Una pequeña y gran Navidad

 

  • En primer lugar, Alicia no creía en la Navidad. Desde que sus amigas, empoderadas por el único e irremediable afán de convencer, le dijeron que creer en la magia de la Navidad era una insensatez, adoptó una actitud defensiva ante todo aquello relacionado con el encanto y atractivo de estas celebraciones. Y no era, por supuesto que no, una faceta que diera gusto ver, mucho menos cuando esta se encarnaba en una personita de pequeñas e insignificantes dimensiones, querido lector. Se trataba, pues, de una chiquilla que apenas había testimoniado siete inviernos. Y cuando digo "personita", lo hago basándome en la comparación con sus padres, que son de un tamaño desmesurado; y, como no, en comparación con sus dos hermanos menores que, aunque sigan siendo gigantes para mí, son los más diminutos de su especie. 

     

    En segundo lugar, fui el único que decidió tomar acción en este asunto. Ni los pastorcillos, ni los fuertes leñadores, ni los avariciosos mercantes se hicieron eco de mis palabras. Mucha menos atención me prestaron los sabios y entendidos.
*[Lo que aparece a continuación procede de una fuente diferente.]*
definition cos :: "('a, 'b) monoid_scheme \<Rightarrow> 'a topology \<Rightarrow> 'a set set" where
  "cos G T = {V. subgroup V G \<and> compactin T V \<and> openin T V}"

definition rel_index :: "('a, 'b) monoid_scheme \<Rightarrow> 'a set \<Rightarrow> 'a set \<Rightarrow> nat" where
  "rel_index G V W = card (rcosets\<^bsub>G\<lparr>carrier := V\<rparr>\<^esub> (V \<inter> W))"

definition cos_dist :: "('a, 'b) monoid_scheme \<Rightarrow> 'a set \<Rightarrow> 'a set \<Rightarrow> real" where
  "cos_dist G V W = ln (real (rel_index G V W * rel_index G W V))"

definition bounded_auts :: "('a, 'b) monoid_scheme \<Rightarrow> 'a topology \<Rightarrow> ('a \<Rightarrow> 'a) set \<Rightarrow> bool" where
  "bounded_auts G T B \<longleftrightarrow> (\<exists>V\<in>cos G T. \<exists>C::real.
     \<forall>X\<in>(\<lambda>\<beta>. \<beta> ` V) ` B. \<forall>Y\<in>(\<lambda>\<beta>. \<beta> ` V) ` B. cos_dist G X Y \<le> C)"

definition conj_class :: "('a, 'b) monoid_scheme \<Rightarrow> ('a \<Rightarrow> 'a) set \<Rightarrow> ('a \<Rightarrow> 'a) \<Rightarrow> ('a \<Rightarrow> 'a) set" where
  "conj_class G H \<phi> = {\<psi> \<otimes>\<^bsub>BijGroup (carrier G)\<^esub> \<phi> \<otimes>\<^bsub>BijGroup (carrier G)\<^esub>
       inv\<^bsub>BijGroup (carrier G)\<^esub> \<psi> | \<psi>. \<psi> \<in> H}"

definition FCd :: "('a, 'b) monoid_scheme \<Rightarrow> 'a topology \<Rightarrow> ('a \<Rightarrow> 'a) set \<Rightarrow> ('a \<Rightarrow> 'a) set" where
  "FCd G T H = {\<phi> \<in> H. bounded_auts G T (conj_class G H \<phi>)}"

definition scale :: "('a, 'b) monoid_scheme \<Rightarrow> 'a topology \<Rightarrow> ('a \<Rightarrow> 'a) \<Rightarrow> nat" where
  "scale G T \<phi> = (LEAST n. \<exists>V\<in>cos G T. n = rel_index G (\<phi> ` V) V)"

definition flat :: "('a, 'b) monoid_scheme \<Rightarrow> 'a topology \<Rightarrow> ('a \<Rightarrow> 'a) set \<Rightarrow> bool" where
  "flat G T H \<longleftrightarrow> (\<exists>U\<in>cos G T. \<forall>\<phi>\<in>H. rel_index G (\<phi> ` U) U = scale G T \<phi>)"

end

theory Submission
  imports Defs
begin

text \<open>Flatness provides one compact open subgroup \<open>U\<close> at which the scale of every element of
  \<open>H\<close> is attained. For \<open>\<psi> \<in> H\<close> the conjugate \<open>\<psi>\<phi>\<psi>\<^sup>-\<^sup>1\<close> moves \<open>\<psi>U\<close> exactly as \<open>\<phi>\<close> moves \<open>U\<close>,
  so its scale, attained at \<open>U\<close>, is at most \<open>|\<phi>U : \<phi>U \<inter> U|\<close>. Doing the same for \<open>\<phi>\<^sup>-\<^sup>1\<close>
  bounds the indices between \<open>U\<close> and \<open>\<beta>U\<close> in both directions, uniformly in \<open>\<beta>\<close> conjugate to
  \<open>\<phi>\<close>, and the submultiplicativity \<open>|A : A \<inter> C| \<le> |A : A \<inter> B| |B : B \<inter> C|\<close> of indices then
  bounds \<open>d(\<beta>U, \<beta>'U)\<close>.\<close>

lemma rel_index_eq_card_rcosets:
  "rel_index G V W = card ((\<lambda>a. (V \<inter> W) #>\<^bsub>G\<^esub> a) ` V)"
  unfolding rel_index_def RCOSETS_def by (auto intro!: arg_cong[where f=card])

lemma (in group) rcoset_Int_eq_of_factors:
  assumes A: "subgroup A G" and B: "subgroup B G" and C: "subgroup C G"
    and a: "a \<in> A" and h: "h \<in> A \<inter> B" and k: "k \<in> (B \<inter> C) #> inv h" "k \<in> A"
  shows "(A \<inter> C) #> (k \<otimes> (h \<otimes> a)) = (A \<inter> C) #> a"
proof -
  obtain c where c: "c \<in> B \<inter> C" "k = c \<otimes> inv h"
    using k unfolding r_coset_def by blast
  have G: "a \<in> carrier G" "h \<in> carrier G" "c \<in> carrier G"
    using a h c A B subgroup.subset by blast+
  have "k \<otimes> h \<in> A" using subgroup.m_closed[OF A k(2)] h by blast
  moreover have "c = k \<otimes> h" using c G by (simp add: m_assoc)
  ultimately have "c \<in> A \<inter> C" using c(1) by simp
  have AC: "subgroup (A \<inter> C) G" using A C by (rule subgroups_Inter_pair)
  have "k \<otimes> (h \<otimes> a) = c \<otimes> a" using c(2) G by (simp add: m_assoc inv_solve_left')
  hence "(A \<inter> C) #> (k \<otimes> (h \<otimes> a)) = ((A \<inter> C) #> c) #> a"
    using AC G by (simp add: coset_mult_assoc subgroup.subset)
  also have "\<dots> = (A \<inter> C) #> a" using coset_join2[OF G(3) AC \<open>c \<in> A \<inter> C\<close>] by simp
  finally show ?thesis .
qed

lemma (in group) rel_index_Int_le_mult:
  assumes A: "subgroup A G" and B: "subgroup B G" and C: "subgroup C G"
    and AB: "0 < rel_index G A B" and BC: "0 < rel_index G B C"
  shows "rel_index G A C \<le> rel_index G A B * rel_index G B C"
proof -
  let ?AB = "(\<lambda>a. (A \<inter> B) #> a) ` A" and ?BC = "(\<lambda>b. (B \<inter> C) #> b) ` B"
  have fin: "finite ?AB" "finite ?BC"
    using AB BC unfolding rel_index_eq_card_rcosets by (auto dest: card_ge_0_finite)
  txt \<open>\<open>(A \<inter> C) a\<close> is recovered from the pair \<open>((A \<inter> B) a, (B \<inter> C) h\<^sup>-\<^sup>1)\<close>, where \<open>h a\<close> is
    the chosen representative of \<open>(A \<inter> B) a\<close>.\<close>
  define F where "F = (\<lambda>(X, Y). (A \<inter> C) #> ((SOME k. k \<in> Y \<inter> A) \<otimes> (SOME r. r \<in> X)))"
  have "(\<lambda>a. (A \<inter> C) #> a) ` A \<subseteq> F ` (?AB \<times> ?BC)"
  proof
    fix Z assume "Z \<in> (\<lambda>a. (A \<inter> C) #> a) ` A"
    then obtain a where a: "a \<in> A" "Z = (A \<inter> C) #> a" by blast
    define X where "X = (A \<inter> B) #> a"
    have "a \<in> X" unfolding X_def using a A B
      by (metis rcos_self subgroup.mem_carrier subgroups_Inter_pair)
    hence "(SOME r. r \<in> X) \<in> X" by (rule someI)
    then obtain h where h: "h \<in> A \<inter> B" "(SOME r. r \<in> X) = h \<otimes> a"
      unfolding X_def r_coset_def by blast
    define Y where "Y = (B \<inter> C) #> inv h"
    have hinv: "inv h \<in> A \<inter> B" using h A B by (auto intro: subgroup.m_inv_closed)
    have "inv h \<in> carrier G" using hinv subgroup.mem_carrier[OF B] by simp
    hence "inv h \<in> Y" unfolding Y_def by (rule rcos_self[OF _ subgroups_Inter_pair[OF B C]])
    hence "inv h \<in> Y \<inter> A" using hinv by blast
    define k where "k = (SOME k. k \<in> Y \<inter> A)"
    have "k \<in> Y \<inter> A" unfolding k_def using \<open>inv h \<in> Y \<inter> A\<close> by (rule someI)
    have "F (X, Y) = (A \<inter> C) #> (k \<otimes> (h \<otimes> a))" by (simp add: F_def k_def h(2))
    also have "\<dots> = Z"
      using rcoset_Int_eq_of_factors[OF A B C a(1) h(1)] \<open>k \<in> Y \<inter> A\<close> a(2)
      unfolding Y_def by blast
    finally have "F (X, Y) = Z" .
    moreover have "(X, Y) \<in> ?AB \<times> ?BC" unfolding X_def Y_def using a hinv by auto
    ultimately show "Z \<in> F ` (?AB \<times> ?BC)" by blast
  qed
  hence "rel_index G A C \<le> card (F ` (?AB \<times> ?BC))"
    unfolding rel_index_eq_card_rcosets using fin by (intro card_mono) auto
  also have "\<dots> \<le> card (?AB \<times> ?BC)" using fin by (intro card_image_le) auto
  finally show ?thesis by (simp add: card_cartesian_product rel_index_eq_card_rcosets)
qed

lemma (in group) rel_index_hom_image:
  assumes f: "f \<in> hom G G'" and inj: "inj_on f (carrier G)"
    and A: "A \<subseteq> carrier G" and B: "B \<subseteq> carrier G"
  shows "rel_index G' (f ` A) (f ` B) = rel_index G A B"
proof -
  have rcos_image: "(f ` K) #>\<^bsub>G'\<^esub> (f a) = f ` (K #> a)"
    if "K \<subseteq> carrier G" "a \<in> carrier G" for K a
    using that f unfolding r_coset_def by (auto simp: hom_mult[symmetric] subset_iff)
  have "(\<lambda>b. (f ` A \<inter> f ` B) #>\<^bsub>G'\<^esub> b) ` (f ` A) = (\<lambda>a. f ` (A \<inter> B) #>\<^bsub>G'\<^esub> f a) ` A"
    unfolding inj_on_image_Int[OF inj A B] by (rule image_image)
  also have "\<dots> = (\<lambda>a. f ` ((A \<inter> B) #> a)) ` A"
    by (rule image_cong[OF refl], rule rcos_image) (use A in auto)
  also have "\<dots> = image f ` ((\<lambda>a. (A \<inter> B) #> a) ` A)" by (rule image_image[symmetric])
  finally have "(\<lambda>b. (f ` A \<inter> f ` B) #>\<^bsub>G'\<^esub> b) ` (f ` A) = image f ` ((\<lambda>a. (A \<inter> B) #> a) ` A)" .
  moreover have "inj_on (image f) ((\<lambda>a. (A \<inter> B) #> a) ` A)"
  proof (rule inj_on_subset[OF inj_on_image_Pow[OF inj]])
    have "(A \<inter> B) #> a \<subseteq> carrier G" if "a \<in> A" for a
      using A that by (intro r_coset_subset_G) auto
    thus "(\<lambda>a. (A \<inter> B) #> a) ` A \<subseteq> Pow (carrier G)" by blast
  qed
  ultimately show ?thesis unfolding rel_index_eq_card_rcosets by (simp add: card_image)
qed
lemma sum_no_renewal_paths_Suc:
  assumes "1 \<le> n" "n \<le> t"
  shows "(\<Sum>c\<in>cpaths (Suc t). if c n = j \<and> (\<forall>k\<in>{n<..t}. c k \<noteq> k)
            then path_prob q0 qo r (Suc t) c * lik J p y n c * f (c (Suc t)) else 0)
       = stay_weight q0 qo r J p y n j t
         * (qstay q0 qo r j (Suc t) * f j + (1 - qstay q0 qo r j (Suc t)) * f (Suc t))"
proof -
  define W where "W c = (if c n = j \<and> (\<forall>k\<in>{n<..t}. c k \<noteq> k)
    then path_prob q0 qo r t c * lik J p y n c else 0)" for c
  define K where
    "K a = qstay q0 qo r a (Suc t) * f a + (1 - qstay q0 qo r a (Suc t)) * f (Suc t)" for a
  have extend: "(\<Sum>b\<in>{0..Suc t}.
        if (c(Suc t := b)) n = j \<and> (\<forall>k\<in>{n<..t}. (c(Suc t := b)) k \<noteq> k)
        then path_prob q0 qo r (Suc t) (c(Suc t := b)) * lik J p y n (c(Suc t := b))
          * f ((c(Suc t := b)) (Suc t)) else 0)
      = W c * K (c t)" if "c \<in> cpaths t" for c
  proof -
    have lik: "lik J p y n (c(Suc t := b)) = lik J p y n c" for b
      using assms by (intro lik_cong) auto
    have summand: "(if (c(Suc t := b)) n = j \<and> (\<forall>k\<in>{n<..t}. (c(Suc t := b)) k \<noteq> k)
        then path_prob q0 qo r (Suc t) (c(Suc t := b)) * lik J p y n (c(Suc t := b))
          * f ((c(Suc t := b)) (Suc t)) else 0)
      = W c * (step_prob q0 qo r (Suc t) (c t) b * f b)" for b
      using assms unfolding W_def lik by (simp add: path_prob_fun_upd)
    have "c t < Suc t"
      using that assms unfolding cpaths_def by (simp add: le_imp_less_Suc)
    then show ?thesis
      unfolding summand sum_distrib_left[symmetric] K_def by (simp only: sum_step_prob)
  qed
  \<comment> \<open>without renewal in \<open>(n, t]\<close> the chain is still in state \<open>j\<close> at time \<open>t\<close>\<close>
  have settle: "W c * K (c t) = W c * K j" for c
  proof (cases "W c = 0")
    case False
    then have "path_prob q0 qo r t c \<noteq> 0" "c n = j" "\<forall>k\<in>{n<..t}. c k \<noteq> k"
      unfolding W_def by (auto split: if_splits)
    with assms have "c t = j"
      using path_prob_nonzero_no_renewal by fastforce
    then show ?thesis
      by simp
  qed simp
  have "(\<Sum>c\<in>cpaths (Suc t). if c n = j \<and> (\<forall>k\<in>{n<..t}. c k \<noteq> k)
            then path_prob q0 qo r (Suc t) c * lik J p y n c * f (c (Suc t)) else 0)
      = (\<Sum>c\<in>cpaths t. W c * K (c t))"
    unfolding sum_cpaths_Suc using extend by (rule sum.cong[OF refl])
  also have "\<dots> = stay_weight q0 qo r J p y n j t * K j"
    unfolding settle by (simp add: stay_weight_def W_def sum_distrib_right)
  finally show ?thesis
    unfolding K_def .
qed

lemma stay_weight_Suc:
  assumes "1 \<le> n" "n \<le> t" "j \<le> n"
  shows "stay_weight q0 qo r J p y n j (Suc t)
       = stay_weight q0 qo r J p y n j t * qstay q0 qo r j (Suc t)"
proof -
  have "{n<..Suc t} = insert (Suc t) {n<..t}"
    using assms by auto
  then have "stay_weight q0 qo r J p y n j (Suc t)
      = (\<Sum>c\<in>cpaths (Suc t). if c n = j \<and> (\<forall>k\<in>{n<..t}. c k \<noteq> k)
          then path_prob q0 qo r (Suc t) c * lik J p y n c * (if c (Suc t) = Suc t then 0 else 1)
          else 0)"
    unfolding stay_weight_def by (intro sum.cong) auto
  also have "\<dots> = stay_weight q0 qo r J p y n j t * qstay q0 qo r j (Suc t)"
    using assms sum_no_renewal_paths_Suc[where t = t and j = j and f = "\<lambda>b. if b = Suc t then 0 else 1"]
    by simp
  finally show ?thesis .
qed

lemma stay_weight_add:
  assumes "1 \<le> n" "j \<le> n"
  shows "stay_weight q0 qo r J p y n j (n + k)
       = stay_weight q0 qo r J p y n j n * (\<Prod>i\<in>{n<..n + k}. qstay q0 qo r j i)"
proof (induction k)
  case (Suc k)
  have "{n<..n + Suc k} = insert (Suc (n + k)) {n<..n + k}"
    by auto
  then show ?case
    using Suc assms by (simp add: stay_weight_Suc)
qed simp

lemma stay_weight_self:
  "stay_weight q0 qo r J p y n j n
     = (\<Sum>c\<in>{c\<in>cpaths n. c n = j}. path_prob q0 qo r n c * lik J p y n c)"
  unfolding stay_weight_def by (simp add: sum.inter_filter[OF finite_cpaths])

lemma first_renewal_weight:
  assumes "1 \<le> n" "n \<le> t" "j \<le> n"
  shows "(\<Sum>c\<in>{c\<in>cpaths (Suc t).
              c n = j \<and> c (Suc t) = Suc t \<and> (\<forall>k\<in>{n<..<Suc t}. c k \<noteq> k)}.
            path_prob q0 qo r (Suc t) c * lik J p y n c)
       = stay_weight q0 qo r J p y n j t * (1 - qstay q0 qo r j (Suc t))"
proof -
  have "{n<..<Suc t} = {n<..t}"
    by auto
  then have "(\<Sum>c\<in>{c\<in>cpaths (Suc t).
              c n = j \<and> c (Suc t) = Suc t \<and> (\<forall>k\<in>{n<..<Suc t}. c k \<noteq> k)}.
            path_prob q0 qo r (Suc t) c * lik J p y n c)
      = (\<Sum>c\<in>cpaths (Suc t). if c n = j \<and> (\<forall>k\<in>{n<..t}. c k \<noteq> k)
          then path_prob q0 qo r (Suc t) c * lik J p y n c * (if c (Suc t) = Suc t then 1 else 0)
          else 0)"
    unfolding sum.inter_filter[OF finite_cpaths] by (intro sum.cong) auto
  also have "\<dots> = stay_weight q0 qo r J p y n j t * (1 - qstay q0 qo r j (Suc t))"
    using assms sum_no_renewal_paths_Suc[where t = t and j = j and f = "\<lambda>b. if b = Suc t then 1 else 0"]
    by simp
  finally show ?thesis .
qed

lemma post_SC_eq_post_C_mult_NB:
  assumes "0 < qo" "qo < 1" "r \<ge> 1" "0 < j" "j \<le> n"
  shows "post_SC q0 qo r J p y n (k + (n - j)) j
       = post_C q0 qo r J p y n j * (NB qo r (k + (n - j)) / nb_tail qo r (n - j))"
proof -
  have "k + (n - j) + j + 1 = Suc (n + k)"
    using assms by simp
  then have "post_SC q0 qo r J p y n (k + (n - j)) j
      = stay_weight q0 qo r J p y n j (n + k) * (1 - qstay q0 qo r j (Suc (n + k)))
        / evidence q0 qo r J p y n"
    using assms unfolding post_SC_def Let_def by (simp add: first_renewal_weight add.commute)
  also have "\<dots> = stay_weight q0 qo r J p y n j n / evidence q0 qo r J p y n
      * ((\<Prod>i\<in>{n<..n + k}. qstay q0 qo r j i) * (1 - qstay q0 qo r j (Suc (n + k))))"
    using assms by (simp add: stay_weight_add)
  finally show ?thesis
    unfolding post_C_def stay_weight_self prod_qstay_mult_renewal[OF assms] .
qed

theorem mainTheorem15:
  fixes qold :: real and r n j :: nat and q0 :: "nat \<Rightarrow> real"
    and J :: "'x measure" and \<psi> :: "'y measure" and p :: "'y \<Rightarrow> 'x \<Rightarrow> real"
    and y :: "nat \<Rightarrow> 'y" and q :: real
  assumes qold: "0 < qold" "qold < 1"
    and r: "r \<ge> 1"
    and n: "n \<ge> 1"
    and q0: "\<And>i. i \<ge> 1 \<Longrightarrow> 0 \<le> q0 i \<and> q0 i \<le> 1"
    and J: "prob_space J"
    and psi: "sigma_finite_measure \<psi>"
    and p_meas: "(\<lambda>(u, x). p u x) \<in> borel_measurable (\<psi> \<Otimes>\<^sub>M J)"
    and p_nonneg: "\<And>u x. 0 \<le> p u x"
    and p_dens: "\<And>x. x \<in> space J \<Longrightarrow> (\<integral>\<^sup>+ u. ennreal (p u x) \<partial>\<psi>) = 1"
    and y: "\<And>l. l \<in> {1..n} \<Longrightarrow> y l \<in> space \<psi>"
    and pos: "\<And>a b. 0 < a \<Longrightarrow> a \<le> b \<Longrightarrow> b \<le> n \<Longrightarrow>
                 integral\<^sup>L J (\<lambda>x. \<Prod>l\<in>{a..b}. p (y l) x) > 0"
    and j: "0 < j" "j \<le> n"
    and q: "0 < q" "q < 1"
  shows "(\<lambda>k. post_SC q0 qold r J p y n (k + (n - j)) j
               * (real r * ln q + real (k + (n - j)) * ln (1 - q)))
         sums (post_C q0 qold r J p y n j * real r * ln q
               + post_C q0 qold r J p y n j
                 * ((\<Sum>l. real (l + (n - j)) * NB qold r (l + (n - j))) / nb_tail qold r (n - j))
                 * ln (1 - q))"
proof -
  define m where "m = n - j"
  define A where "A = post_C q0 qold r J p y n j / nb_tail qold r m"
  have "(\<lambda>k. NB qold r (k + m)) sums nb_tail qold r m"
    unfolding nb_tail_def using summable_NB_shift[OF qold r] by (rule summable_sums)
  moreover have "(\<lambda>k. real (k + m) * NB qold r (k + m)) sums (\<Sum>l. real (l + m) * NB qold r (l + m))"
    using NB_mean[OF qold r] summable_iff_shift[of "\<lambda>l. real l * NB qold r l" m]
    by (simp add: sums_iff)
  ultimately have series: "(\<lambda>k. A * (real r * ln q * NB qold r (k + m)
        + ln (1 - q) * (real (k + m) * NB qold r (k + m))))
      sums (A * (real r * ln q * nb_tail qold r m
        + ln (1 - q) * (\<Sum>l. real (l + m) * NB qold r (l + m))))"
    by (intro sums_mult sums_add) auto
  have "post_SC q0 qold r J p y n (k + m) j * (real r * ln q + real (k + m) * ln (1 - q))
      = A * (real r * ln q * NB qold r (k + m) + ln (1 - q) * (real (k + m) * NB qold r (k + m)))" for k
    unfolding m_def A_def post_SC_eq_post_C_mult_NB[OF qold r j]
    by (simp add: algebra_simps add_divide_distrib)
  moreover have "post_C q0 qold r J p y n j * real r * ln q
      + post_C q0 qold r J p y n j * ((\<Sum>l. real (l + m) * NB qold r (l + m)) / nb_tail qold r m)
        * ln (1 - q)
      = A * (real r * ln q * nb_tail qold r m + ln (1 - q) * (\<Sum>l. real (l + m) * NB qold r (l + m)))"
    using nb_tail_pos[OF qold r, of m] unfolding A_def by (simp add: field_simps)
  ultimately show ?thesis
    using series unfolding m_def by simp
qed

end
Todos ellos, incluso el glorioso ángel que iluminaba con luz tenue el nacimiento, pensaron que ya era demasiado tarde para recuperar a Alicia. Y exponían sus razones diciendo: «¿Se ha visto alguna vez actuar a un pesebre en defensa de los vivos? ¿Lo hemos hecho nosotros con alguna generación de esta familia? No tenemos ninguna obligación de hacer creer al que no cree, ni de exponer el camino correcto a aquellos que lo han perdido, ni mucho menos de ayudar a los que lo necesitan». A todas estas alegaciones, yo respondía: «¿Y de ayudar a los que lo merecen? Alicia nos ha honrado año tras año, en cada Navidad, en cada nacimiento». Además, lector, y esto debe quedar muy claro porque era el motivo principal de toda su renuncia: no querían que una persona del mundo de los vivos, aquel mundo atacado y castigado por un virus arrebatador de compañía, entrase en las inmediaciones del belén. «¡Es un riesgo para todos nosotros!» exclamaban. «No permitiremos que una infección egoísta de poca habilidad para la compasión entre en manos de una joven chica y arruine todos y cada uno de nuestros negocios, o que acabe con la unidad de nuestras familias». Los Reyes Magos, como cada invierno, aún tenían un largo camino de siete días por delante. Y bien seguro estaba de que no les haría ninguna gracia saber que Alicia había dejado en segundo plano su fe en ellos y en su prodigiosa magia.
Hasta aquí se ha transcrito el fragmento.